Definition: Technical information that describes how a file functions and that enables a computer to understand it at the bit level, so that it can be rendered in a way that is faithful to its original content. Definition adapted from NEDCC - Fundamentals of AV Preservation - Chapter 4.

Data source: gathered from the structured expert judgement workshop

Data collected: April 2020

Node State State Definition
Sufficient The technical metadata documentation is sufficient - we have an identification report, and if necessary, further validation tools have also been used.
Insufficient The technical metadata documentation is insufficient - we do not have enough information documented to ensure that the file can be rendered in a way that is faithful to its original content.

Technical Skills

Definition: Bespoke digital preservation skills such as awareness of technological trends, detailed knowledge of storage media, hardware and software, skills to perform file format migration, skills to find emulating software etc?

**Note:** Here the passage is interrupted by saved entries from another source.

lemma combination_hadamard:
  assumes "type_II (\<Sum>j\<le>d. cmul (w j) (A j))" and nonzero: "\<forall>j\<le>d. w j \<noteq> 0"
    and real_sums: "\<forall>i\<le>d. \<forall>j\<le>d. i \<noteq> j \<longrightarrow> w j / w i + w i / w j \<in> \<real>"
    and "i0 \<le> d" "i1 \<le> d" and Re_sum: "\<bar>Re (w i1 / w i0 + w i0 / w i1)\<bar> < 2"
  shows "complex_hadamard (cmul (inverse (w i0)) (\<Sum>j\<le>d. cmul (w j) (A j)))"
proof (rule type_II_unimodular_hadamard)
  have norm_w: "norm (w j) = norm (w i0)" if "j \<le> d" for j
    by (rule norms_eq_if_ratio_sums_real[of "{..d}"]) (use assms that in simp_all)
  show "\<forall>r s. norm ((\<Sum>j\<le>d. cmul (w j) (A j)) $ r $ s) = norm (w i0)"
  proof (intro allI)
    fix r s
    obtain i where "i \<le> d" "\<forall>f. (\<Sum>j\<le>d. cmul (f j) (A j)) $ r $ s = f i"
      using combination_entry by blast
    then show "norm ((\<Sum>j\<le>d. cmul (w j) (A j)) $ r $ s) = norm (w i0)"
      by (simp add: norm_w)
  qed
  show "type_II (\<Sum>j\<le>d. cmul (w j) (A j))" "w i0 \<noteq> 0"
    using assms by simp_all
qed

end

locale bose_mesner_eigen = bose_mesner A d for A :: "nat \<Rightarrow> complex^'n::finite^'n" and d +
  fixes P :: "nat \<Rightarrow> nat \<Rightarrow> complex" and E :: "nat \<Rightarrow> complex^'n^'n"
  assumes E_0: "E 0 = cmul (1 / of_nat CARD('n)) allones"
    and E_inj: "inj_on E {..d}"
    and E_image: "E ` {..d} = {F. primitive_idempotent (bm_algebra A d) F}"
    and A_eq_E_combination: "\<forall>j\<le>d. A j = (\<Sum>i\<le>d. cmul (P i j) (E i))"
begin
(*
  Position m of the window is column i + m - 1 of the ladder; for i = 0 the nonexistent
  column -1 is modelled as an empty pattern column of residue 7.
*)
lemma pattern_window_iff:
  assumes "2 \<le> n" "i \<le> n" "m \<le> 4"
  shows "pattern_window ((i + 7) mod 8) (min (n + 1 - i) 7) a m \<longleftrightarrow>
    1 \<le> i + m \<and> (a, i + m - 1) \<in> ladder_resolving_set n"
proof (cases "i + m = 0")
  case True
  with assms(1) tail_length_le[of "7 + min (n + 1) 7"] show ?thesis
    by (auto simp: pattern_window_def ladder_pattern_def)
next
  case False
  then have pos: "1 \<le> i + m" by linarith
  define c where "c = i + m - 1"
  have "i + 7 + m = c + 8" using pos by (simp add: c_def)
  then have residue: "((i + 7) mod 8 + m) mod 8 = c mod 8"
    by (metis mod_add_left_eq mod_add_self2)
  show ?thesis
  proof (cases "n + 1 - i \<le> 7")
    case True
    have "i + 7 + (n + 1 - i) = n + 8" using assms(2) by simp
    then have "((i + 7) mod 8 + (n + 1 - i)) mod 8 = n mod 8"
      by (metis mod_add_left_eq mod_add_self2)
    then have "tail_length ((i + 7) mod 8 + (n + 1 - i)) = tail_length n"
      "tail_row ((i + 7) mod 8 + (n + 1 - i)) = tail_row n"
      by (auto intro: tail_length_cong tail_row_cong)
    moreover have "m < n + 1 - i \<longleftrightarrow> c < n"
      "m + tail_length n < n + 1 - i \<longleftrightarrow> c + tail_length n < n"
      using assms(2) pos by (auto simp: c_def)
    ultimately show ?thesis using True pos residue
      unfolding c_def[symmetric] by (simp add: pattern_window_def ladder_resolving_set_def)
  next
    case False
    then have "c + tail_length n < n" "m + tail_length ((i + 7) mod 8 + 7) < 7"
      using tail_length_le[of n] tail_length_le[of "(i + 7) mod 8 + 7"] assms(3)
      by (auto simp: c_def)
    with False pos residue assms(3) show ?thesis
      unfolding c_def[symmetric] by (simp add: pattern_window_def ladder_resolving_set_def)
  qed
qed

lemma pattern_window_locating:
  assumes "r < 8" "2 \<le> d" "d \<le> 7" "a < 2" "b < 2" "t \<le> 2" "t + 2 \<le> d"
    "(a, 1) \<noteq> (b, t + 1)" "\<not> pattern_window r d a 1" "\<not> pattern_window r d b (t + 1)"
  shows "\<exists>c<2. \<exists>m\<le>4. pattern_window r d c m \<and>
    ladder_adj (c, m) (a, 1) \<noteq> ladder_adj (c, m) (b, t + 1)"
proof -
  have "r = 0 \<or> r = 1 \<or> r = 2 \<or> r = 3 \<or> r = 4 \<or> r = 5 \<or> r = 6 \<or> r = 7"
    "d = 2 \<or> d = 3 \<or> d = 4 \<or> d = 5 \<or> d = 6 \<or> d = 7"
    "a = 0 \<or> a = 1" "b = 0 \<or> b = 1" "t = 0 \<or> t = 1 \<or> t = 2"
    using assms by linarith+
  then show ?thesis using assms(7-10) unfolding ex_less_2_iff ex_le_4_iff
    by (elim disjE) (simp_all add: pattern_window_def ladder_adj_def ladder_pattern_def
        tail_length_def tail_row_def)
qed

lemma pattern_window_dominating:
  assumes "r < 8" "5 \<le> d" "d \<le> 7" "a < 2" "\<not> pattern_window r d a 1"
  shows "\<exists>c<2. \<exists>m\<le>4. pattern_window r d c m \<and> ladder_adj (c, m) (a, 1)"
proof -
  have "r = 0 \<or> r = 1 \<or> r = 2 \<or> r = 3 \<or> r = 4 \<or> r = 5 \<or> r = 6 \<or> r = 7"
    "d = 5 \<or> d = 6 \<or> d = 7" "a = 0 \<or> a = 1"
    using assms by linarith+
  then show ?thesis using assms(5) unfolding ex_less_2_iff ex_le_4_iff
    by (elim disjE) (simp_all add: pattern_window_def ladder_adj_def ladder_pattern_def
        tail_length_def tail_row_def)
qed

lemma ladder_adj_shift:
  "1 \<le> i + m \<Longrightarrow> 1 \<le> k \<Longrightarrow>
    ladder_adj (c, i + m - 1) (a, i + k - 1) = ladder_adj (c, m) (a, k)"
  by (auto simp: ladder_adj_def)

lemma ladder_resolving_set_locating_near:
  assumes "2 \<le> n" "a < 2" "b < 2" "i \<le> j" "j \<le> i + 2" "j < n" "(a, i) \<noteq> (b, j)"
    "(a, i) \<notin> ladder_resolving_set n" "(b, j) \<notin> ladder_resolving_set n"
  shows "\<exists>z\<in>ladder_resolving_set n. ladder_adj z (a, i) \<noteq> ladder_adj z (b, j)"
proof -
  define r d t where "r = (i + 7) mod 8" and "d = min (n + 1 - i) 7" and "t = j - i"
  have "i \<le> n" using assms(4,6) by simp
  note window = pattern_window_iff[OF assms(1) this, folded r_def d_def]
  have j: "i + (t + 1) - 1 = j" using assms(4) by (simp add: t_def)
  have "t \<le> 2" using assms(5) by (simp add: t_def)
  have "\<not> pattern_window r d a 1" "\<not> pattern_window r d b (t + 1)"
    using window[of 1 a] window[of "t + 1" b] assms(8,9) j \<open>t \<le> 2\<close> by simp_all
  moreover have "r < 8" "2 \<le> d" "d \<le> 7" "t + 2 \<le> d" "(a, 1) \<noteq> (b, t + 1)"
    using assms(4-7) j by (auto simp: r_def d_def t_def)
  ultimately obtain c m where cm: "m \<le> 4" "pattern_window r d c m"
      "ladder_adj (c, m) (a, 1) \<noteq> ladder_adj (c, m) (b, t + 1)"
    using pattern_window_locating assms(2,3) \<open>t \<le> 2\<close> by blast
  then have "1 \<le> i + m" "(c, i + m - 1) \<in> ladder_resolving_set n"
    using window[of m c] by auto
  moreover have "ladder_adj (c, i + m - 1) (a, i) \<noteq> ladder_adj (c, i + m - 1) (b, j)"
    using cm(3) ladder_adj_shift[OF \<open>1 \<le> i + m\<close>, of 1 c a]
      ladder_adj_shift[OF \<open>1 \<le> i + m\<close>, of "t + 1" c b] j
    by simp
  ultimately show ?thesis by blast
qed
text \<open>The scalar idempotents \<open>s \<cdot> id\<close> are central too; the last hypothesis excludes them.\<close>

lemma central_idempotent_eq_nu_0x:
  assumes f: "f \<in> End1" and nonzero: "f \<noteq> nu_0e" and idem: "comp f f = f"
    and central: "central End1 comp f"
    and central_multiples: "\<forall>n\<in>End1. central End1 comp (comp f n)"
  shows "f = nu_0x"
proof -
  obtain p k where p: "finite_support p" and f_eq: "f = endo p k"
    using f by (rule End1_cases)
  have commute: "comp f (endo (monom 1 j) 0) = comp (endo (monom 1 j) 0) f" for j
    using central endo_in_End1[OF finite_support_monom] by (auto simp: central_def)
  have "k * k = k"
    using idem p by (simp add: f_eq comp_endo endo_eq_iff)
  then have "k = 0 \<or> k = 1" by (simp add: mult_eq_self_implies_10)
  have p_supp: "p n = 0" if "n \<noteq> 0" for n
    using commute_endo_augmentation[OF p commute[of 0, unfolded f_eq], of n] that
    by (simp add: monom_def)
  show ?thesis
  proof (cases "k = 0")
    case True
    from commute_endo_augmentation[OF p commute[of 1, unfolded f_eq], of 0]
    have "p 0 = 0" using True by (simp add: monom_def)
    then have "p = (\<lambda>n. 0)" using p_supp by (intro ext) metis
    with nonzero f_eq True show ?thesis by simp
  next
    case False
    then have k: "k = 1" using \<open>k = 0 \<or> k = 1\<close> by simp
    let ?q = "\<lambda>n. p (n - 1)"
    have "comp f (endo (monom 1 1) 1) = endo ?q 1"
      using p by (simp add: f_eq k comp_endo mult_subst_monom)
    moreover have "central End1 comp (comp f (endo (monom 1 1) 1))"
      using central_multiples endo_in_End1[OF finite_support_monom] by blast
    ultimately have "central End1 comp (endo ?q 1)"
      by simp
    then have "comp (endo ?q 1) (endo (monom 1 0) 0) = comp (endo (monom 1 0) 0) (endo ?q 1)"
      using endo_in_End1[OF finite_support_monom] unfolding central_def by (rule bspec)
    from commute_endo_augmentation[OF finite_support_shift[OF p] this, of 1]
    have "p 0 = 0" by (simp add: monom_def)
    then have "p = (\<lambda>n. 0)" using p_supp by (intro ext) metis
    then show ?thesis using f_eq k by simp
  qed
qed

lemma coef_image_Wmod: "coef ` Wmod {y1} {x1} = {c :: int \<Rightarrow> 'r::comm_ring_1. finite_support c}"
proof (intro set_eqI iffI)
  fix c :: "int \<Rightarrow> 'r"
  assume "c \<in> {c. finite_support c}"
  then have "of_coef c \<in> Wmod {y1} {x1}" by (simp add: of_coef_in_Wmod)
  then show "c \<in> coef ` Wmod {y1} {x1}" by (rule rev_image_eqI) simp
qed (auto simp: finite_support_coef)

lemma image_nu:
  assumes "g \<in> FG {x1}"
  shows "(\<lambda>w. nu y1 x1 w g) ` Wmod {y1} {x1} = (\<lambda>c. endo c (exponent g)) ` {c. finite_support c}"
proof -
  have "(\<lambda>w. nu y1 x1 w g) ` Wmod {y1} {x1} = (\<lambda>c. endo c (exponent g)) ` coef ` Wmod {y1} {x1}"
    unfolding image_image using assms by (simp add: nu_eq_endo)
  then show ?thesis by (simp only: coef_image_Wmod)
qed

lemma T_e_eq: "T_e y1 x1 = (\<lambda>c. endo c 0) ` {c. finite_support c}"
  using image_nu[OF Nil_in_FG] by (simp add: T_e_def Setcompr_eq_image exponent_Nil)

lemma T_x_eq: "T_x y1 x1 = (\<lambda>c. endo c 1) ` {c. finite_support c}"
  using image_nu[of "[(x1, True)]"] gpow_in_FG[of x1 1]
  by (simp add: T_x_def Setcompr_eq_image exponent_letter gpow_1)

lemma T_0_eq: "T_0 y1 x1 = range (endo (\<lambda>n. 0))"
proof -
  have "T_0 y1 x1 = (\<lambda>g. endo (\<lambda>n. 0) (exponent g)) ` FG {x1}"
    unfolding T_0_def Setcompr_eq_image
    by (rule image_cong) (simp_all add: nu_eq_endo coef_zeroW)
  also have "exponent ` FG {x1} = UNIV"
    by (auto intro: rev_image_eqI[OF gpow_in_FG])
  then have "(\<lambda>g. endo (\<lambda>n. 0) (exponent g)) ` FG {x1} = range (endo (\<lambda>n. 0))"
    by (metis image_image)
  finally show ?thesis .
qed

lemma nu_zeroW_x_eq_nu_0x: "nu y1 x1 zeroW [(x1, True)] = nu_0x"
  using nu_eq_endo[OF zeroW_in_Wmod, of "[(x1, True)]"] gpow_in_FG[of x1 1]
  by (simp add: coef_zeroW exponent_letter gpow_1)

lemma T_e_eq_comp_nu_0x: "T_e y1 x1 = {m \<in> End1. comp m nu_0x = nu_0e}"
  by (auto simp: T_e_eq comp_endo_zero endo_eq_iff endo_in_End1 elim!: End1_cases)

lemma T_x_eq_comp_nu_0x: "T_x y1 x1 = {m \<in> End1. comp m nu_0x = nu_0x}"
  by (auto simp: T_x_eq comp_endo_zero endo_eq_iff endo_in_End1 elim!: End1_cases)

lemma T_0_eq_nu_0x_comp: "T_0 y1 x1 = {m \<in> End1. comp nu_0x m = m}"
  by (auto simp: T_0_eq comp_endo_zero endo_eq_iff endo_in_End1 elim!: End1_cases)

lemma automorphism_fixes_nu_0e_nu_0x:
  fixes P :: "('y,'x,'r::comm_ring_1) mor \<Rightarrow> ('y,'x,'r) mor"
  assumes "mult_automorphism End1 comp P"
  shows "P nu_0e = nu_0e"
    and "P nu_0x = nu_0x"
proof -
  interpret mult_automorphism End1 comp P by (fact assms)
  have z: "(nu_0e :: ('y,'x,'r) mor) \<in> End1" and e: "(nu_0x :: ('y,'x,'r) mor) \<in> End1"
    by (simp_all add: endo_in_End1)
  show Pz: "P nu_0e = nu_0e"
    using z by (rule fixes_absorbing) (auto elim!: End1_cases simp: comp_endo_zero)
  have central_multiples: "central End1 comp (comp nu_0x n)" if "n \<in> End1" for n
    using that by (auto elim!: End1_cases simp: comp_endo_zero central_endo_zero)
  show "P nu_0x = nu_0x"
  proof (rule central_idempotent_eq_nu_0x)
    show "P nu_0x \<in> End1" using e by (rule in_carrier)
    show "P nu_0x \<noteq> nu_0e" using eq_iff[OF e z] Pz by (simp add: endo_eq_iff)
    show "comp (P nu_0x) (P nu_0x) = P nu_0x" using hom[OF e e] by (simp add: comp_endo)
    show "central End1 comp (P nu_0x)" using e central_endo_zero by (rule central_image)
    show "\<forall>n\<in>End1. central End1 comp (comp (P nu_0x) n)"
    proof
      fix n :: "('y,'x,'r) mor"
      assume "n \<in> End1"
      then obtain a where a: "a \<in> End1" "n = P a" by (rule preimageE)
      then show "central End1 comp (comp (P nu_0x) n)"
        using central_image[OF closed[OF e a(1)] central_multiples[OF a(1)]]
        by (simp add: hom[OF e a(1)])
    qed
  qed
qed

Data source: JISC digital skills survey results

Data collected: 2019

Node State State Definition
Good We have the capability to perform actions such as file format migration, software emulation and data recovery, as well as the ability to investigate and manipulate data, and basic coding skills.We have the capability to perform actions such as file format migration, software emulation and data recovery, as well as the ability to investigate and manipulate data, and basic coding skills.
Poor We do not have the capability to perform actions such as file format migration, software emulation and data recovery, nor the ability to investigate and manipulate data.

Tools to Render

Definition: Availability of tools and software to render the digital material and the expertise to use them.

Data source: gathered from the structured expert judgement workshop

Data collected: April 2020

Node State State Definition
Yes We have the tools and expertise to render a file of this type.
No We do not have the tools and expertise to render a file of this type.